Administration Guide

Troubleshooting

The following table identifies problems that you might encounter, their probable causes, and actions that you can take to solve them.

Table 61. Troubleshooting High Availability on Sun Cluster 2.2

Symptom Possible cause Action
Cannot mount logical host file system The logical host file system is normally mounted and unmounted during the failover of a logical host. During failover, there should be no active processes or open files under the logical host file system. In rare cases, processes that cannot be killed have their current working directory under the logical host file system. To find out if a process is under the mount point, use fuser(1m), or a GNU utility called lsof. Error messages are produced when the logical host file system cannot be mounted.^a Reboot the system, or move the logical host file system to another name and recreate it. Doing this allows the frozen process to stay under the directory (since it can't be killed), and allows the mount to take place.^b
The db2start or db2stop time-out does not work A SIGALRM signal may not break out of a blocking system call.
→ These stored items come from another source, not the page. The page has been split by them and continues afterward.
lemma contains_image:
  assumes "inj_on f W" and "\<forall>e\<in>G. e \<subseteq> W" and "contains VF F (f ` W) (image f ` G)"
  shows "contains VF F W G"
proof -
  obtain \<psi> where \<psi>: "is_copy VF F (f ` W) (image f ` G) \<psi>"
    using assms(3) unfolding contains_def by blast
  define g where "g = inv_into W f"
  have "inj_on (g \<circ> \<psi>) VF"
    using \<psi> unfolding g_def is_copy_def by (metis comp_inj_on inj_on_inv_into inj_on_subset)
  moreover have "(g \<circ> \<psi>) ` VF \<subseteq> W"
  proof -
    have "\<psi> ` VF \<subseteq> f ` W" using \<psi> by (simp add: is_copy_def)
    moreover have "g ` f ` W \<subseteq> W" unfolding g_def by (auto intro: inv_into_into)
    ultimately show ?thesis by (auto simp: image_comp[symmetric])
  qed
  moreover have "(g \<circ> \<psi>) ` e \<in> G" if "e \<in> F" for e
  proof -
    have "\<psi> ` e \<in> image f ` G" using \<psi> that by (simp add: is_copy_def)
    then obtain e' where e': "e' \<in> G" "\<psi> ` e = f ` e'" by blast
    have "(g \<circ> \<psi>) ` e = g ` f ` e'" by (simp only: image_comp e'(2)[symmetric])
    also have "\<dots> = e'"
      unfolding g_def using inv_into_image_cancel[OF assms(1)] assms(2) e'(1) by blast
    finally have "(g \<circ> \<psi>) ` e = e'" .
    with e' show ?thesis by simp
  qed
  ultimately show ?thesis unfolding contains_def is_copy_def by blast
qed

lemma card_le_ex_on_initial_segment:
  assumes "rgraph r {0..<N} G" and "\<not> contains VF F {0..<N} G"
  shows "card G \<le> ex r N VF F"
proof -
  let ?S = "{card H | H :: nat set set. rgraph r {0..<N} H \<and> \<not> contains VF F {0..<N} H}"
  have "?S \<subseteq> card ` Pow (Pow {0..<N})" unfolding rgraph_def by auto
  then have "finite ?S" by (rule finite_subset) simp
  moreover have "card G \<in> ?S" using assms by blast
  ultimately show ?thesis unfolding ex_def by simp
qed

lemma card_le_ex:
  assumes "rgraph r W G" and "card W = N" and "\<not> contains VF F W G"
  shows "card G \<le> ex r N VF F"
proof -
  have fW: "finite W" and GW: "\<forall>e\<in>G. e \<subseteq> W \<and> card e = r"
    using assms(1) unfolding rgraph_def by auto
  obtain f where "bij_betw f W {0..<N}" using ex_bij_betw_finite_nat[OF fW] assms(2) by auto
  then have inj: "inj_on f W" and fW_eq: "f ` W = {0..<N}" by (auto simp: bij_betw_def)
  have "inj_on (image f) G"
    using GW inj by (auto simp: inj_on_def inj_on_image_eq_iff)
  then have "card (image f ` G) = card G" by (rule card_image)
  moreover have "rgraph r {0..<N} (image f ` G)"
    using GW inj fW_eq unfolding rgraph_def by (auto simp: card_image inj_on_subset)
  moreover have "\<not> contains VF F {0..<N} (image f ` G)"
    using contains_image[OF inj, of G] GW assms(3) fW_eq by auto
  ultimately show ?thesis using card_le_ex_on_initial_segment by metis
qed

lemma sum_degree_eq:
  assumes "rgraph r V H"
  shows "(\<Sum>v\<in>V. degree H v) = r * card H"
proof -
  have fV: "finite V" and HV: "\<forall>e\<in>H. e \<subseteq> V \<and> card e = r"
    using assms unfolding rgraph_def by auto
  then have fH: "finite H" by (meson PowI finite_Pow_iff finite_subset subsetI)
  have "(\<Sum>v\<in>V. degree H v) = (\<Sum>v\<in>V. \<Sum>e\<in>H. if v \<in> e then 1 else 0)"
    unfolding degree_def using fH by (simp add: sum.inter_filter[symmetric])
  also have "\<dots> = (\<Sum>e\<in>H. \<Sum>v\<in>V. if v \<in> e then 1 else 0)" by (rule sum.swap)
  also have "\<dots> = (\<Sum>e\<in>H. card e)"
  proof (rule sum.cong)
    fix e assume "e \<in> H"
    then have "{v \<in> V. v \<in> e} = e" using HV by auto
    then show "(\<Sum>v\<in>V. if v \<in> e then 1 else 0) = card e"
      using fV sum.inter_filter[of V "\<lambda>_. 1 :: nat" "\<lambda>v. v \<in> e"] by simp
  qed simp
  also have "\<dots> = r * card H" using HV by simp
  finally show ?thesis .
qed

lemma card_diff_induced_le_sum_degree:
  assumes "rgraph r V H"
  shows "card (H - induced H A) \<le> (\<Sum>v\<in>V - A. degree H v)"
proof -
  have fV: "finite V" and HV: "\<forall>e\<in>H. e \<subseteq> V"
    using assms unfolding rgraph_def by auto
  have "H - induced H A \<subseteq> (\<Union>v\<in>V - A. {e \<in> H. v \<in> e})"
    using HV unfolding induced_def by blast
  then have "card (H - induced H A) \<le> card (\<Union>v\<in>V - A. {e \<in> H. v \<in> e})"
    using fV HV by (intro card_mono) (auto intro: finite_subset[of _ "Pow V"])
  also have "\<dots> \<le> (\<Sum>v\<in>V - A. degree H v)"
    unfolding degree_def using fV by (intro card_UN_le) simp
  finally show ?thesis .
qed

lemma card_diff_induced_le_choose:
  assumes "rgraph r V H" and "A \<subseteq> V"
  shows "card (H - induced H A) \<le> (card V choose r) - (card A choose r)"
proof -
  have fV: "finite V" and HV: "\<forall>e\<in>H. e \<subseteq> V \<and> card e = r"
    using assms unfolding rgraph_def by auto
  define RV where "RV = {e. e \<subseteq> V \<and> card e = r}"
  define RA where "RA = {e. e \<subseteq> A \<and> card e = r}"
  have fRV: "finite RV" unfolding RV_def using fV by (auto intro: finite_subset[of _ "Pow V"])
  have RA: "RA \<subseteq> RV" unfolding RA_def RV_def using assms(2) by blast
  have "H - induced H A \<subseteq> RV - RA" unfolding induced_def RV_def RA_def using HV by blast
  then have "card (H - induced H A) \<le> card (RV - RA)" using fRV by (intro card_mono) auto
  also have "\<dots> = card RV - card RA"
    using RA fRV by (intro card_Diff_subset) (auto intro: finite_subset)
  also have "\<dots> = (card V choose r) - (card A choose r)"
    unfolding RV_def RA_def using fV assms(2) by (simp add: n_subsets finite_subset)
  finally show ?thesis .
qed

lemma card_le_card_induced_plus_card_diff:
  "card H \<le> card (induced H A) + card (H - induced H A)"
proof -
  have "H = induced H A \<union> (H - induced H A)" unfolding induced_def by blast
  then show ?thesis by (metis card_Un_le)
qed

lemma card_le_choose_diff_plus_ex:
  assumes "rgraph r V H" and "card V = n" and "A \<subseteq> V" and "N \<le> card A"
    and "\<not> contains VF F A (induced H A)"
  shows "card H \<le> (n choose r) - (N choose r) + ex r N VF F"
proof -
  obtain W where W: "W \<subseteq> A" "card W = N" "finite W"
    using obtain_subset_with_card_n[OF assms(4)] by blast
  have "\<not> contains VF F W (induced H W)"
    using assms(5) contains_mono[of VF F W "induced H W" A "induced H A"] W(1)
    unfolding induced_def by blast
  then have "card (induced H W) \<le> ex r N VF F"
    using card_le_ex rgraph_induced[OF assms(1) subset_refl W(3)] W(2) by blast
  moreover have "card (H - induced H W) \<le> (n choose r) - (N choose r)"
    using card_diff_induced_le_choose[OF assms(1)] W assms(2,3) by fastforce
  ultimately show ?thesis using card_le_card_induced_plus_card_diff[of H W] by linarith
qed

lemma card_le_sum_degree_plus_ex:
  assumes "rgraph r V H" and "card V = n" and "A \<subseteq> V" and "card A \<le> N" and "N \<le> n"
    and "rgraph r' VF F" and "card VF \<le> card A" and "\<not> contains VF F A (induced H A)"
  shows "card H \<le> (\<Sum>v\<in>V - A. degree H v) + ex r N VF F"
proof -
  have fV: "finite V" using assms(1) unfolding rgraph_def by blast
  have "N - card A \<le> card (V - A)" using assms(2-5) fV by (simp add: card_Diff_subset finite_subset)
  then obtain X where X: "X \<subseteq> V - A" "card X = N - card A" "finite X"
    by (rule obtain_subset_with_card_n)
  define W where "W = A \<union> X"
  have fW: "finite W" and AW: "A \<subseteq> W" unfolding W_def using fV assms(3) X(3) finite_subset by auto
  have "card W = N" unfolding W_def using X assms(3,4) fV
    by (subst card_Un_disjoint) (auto intro: finite_subset)
  moreover have "\<forall>e\<in>induced H A. e \<subseteq> A" unfolding induced_def by blast
  then have "\<not> contains VF F W (induced H A)"
    using contains_in_smaller_vertex_set[OF assms(6,7) AW fW] assms(8) by blast
  ultimately have "card (induced H A) \<le> ex r N VF F"
    using card_le_ex rgraph_induced[OF assms(1) AW fW] by blast
  then show ?thesis
    using card_le_card_induced_plus_card_diff[of H A]
      card_diff_induced_le_sum_degree[OF assms(1), of A] by linarith
qed

lemma has_disjoint_copies_Suc:
  assumes "\<forall>i<s. is_copy VF F V H (\<phi> i)"
    and "\<forall>i<s. \<forall>j<s. i \<noteq> j \<longrightarrow> \<phi> i ` VF \<inter> \<phi> j ` VF = {}"
    and "is_copy VF F V H \<psi>" and "\<psi> ` VF \<inter> (\<Union>i<s. \<phi> i ` VF) = {}"
  shows "has_disjoint_copies (Suc s) VF F V H"
proof -
  let ?\<phi> = "\<phi>(s := \<psi>)"
  have "\<forall>i<Suc s. is_copy VF F V H (?\<phi> i)" using assms(1,3) by (simp add: less_Suc_eq)
  moreover
  have "\<psi> ` VF \<inter> \<phi> i ` VF = {}" if "i < s" for i using assms(4) that by blast
  then have "\<forall>i<Suc s. \<forall>j<Suc s. i \<noteq> j \<longrightarrow> ?\<phi> i ` VF \<inter> ?\<phi> j ` VF = {}"
    using assms(2) by (simp add: less_Suc_eq Int_commute)
  ultimately show ?thesis unfolding has_disjoint_copies_def by blast
qed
Instead, the system call will restart as if the SA_RESTART flag were set with sigaction(). This causes time-outs for the DB2 HA agents to be ignored, and the agent method will hang instead of recovering from a hung db2start or db2stop command. Apply the required patch, 105210-17 (or later), for Solaris 2.6.
Logging into an instance hangs Although there are numerous reasons why this can happen, the most common reasons include NFS problems and the /usr/sbin/quota program. Check the NFS mounts to ensure that they are healthy, and look for quota processes owned by the instance owner. At the discretion of the system administrator, changing the quota program to a symbolic link to /bin/true may solve the problem. This is not a recommended solution, but it may work.
I just set up an EEE instance, but it does not start The hadb2_setup command does not add ports to the /etc/services file; it is expected that the administrator will add them manually. An error message is returned.^c Ensure that you have appropriate ports named in the /etc/services file.
START_NET method cannot start DB2
Turn off fault monitoring to ensure that the instance does not get failed over. Log in as the instance owner, and try to start DB2 manually.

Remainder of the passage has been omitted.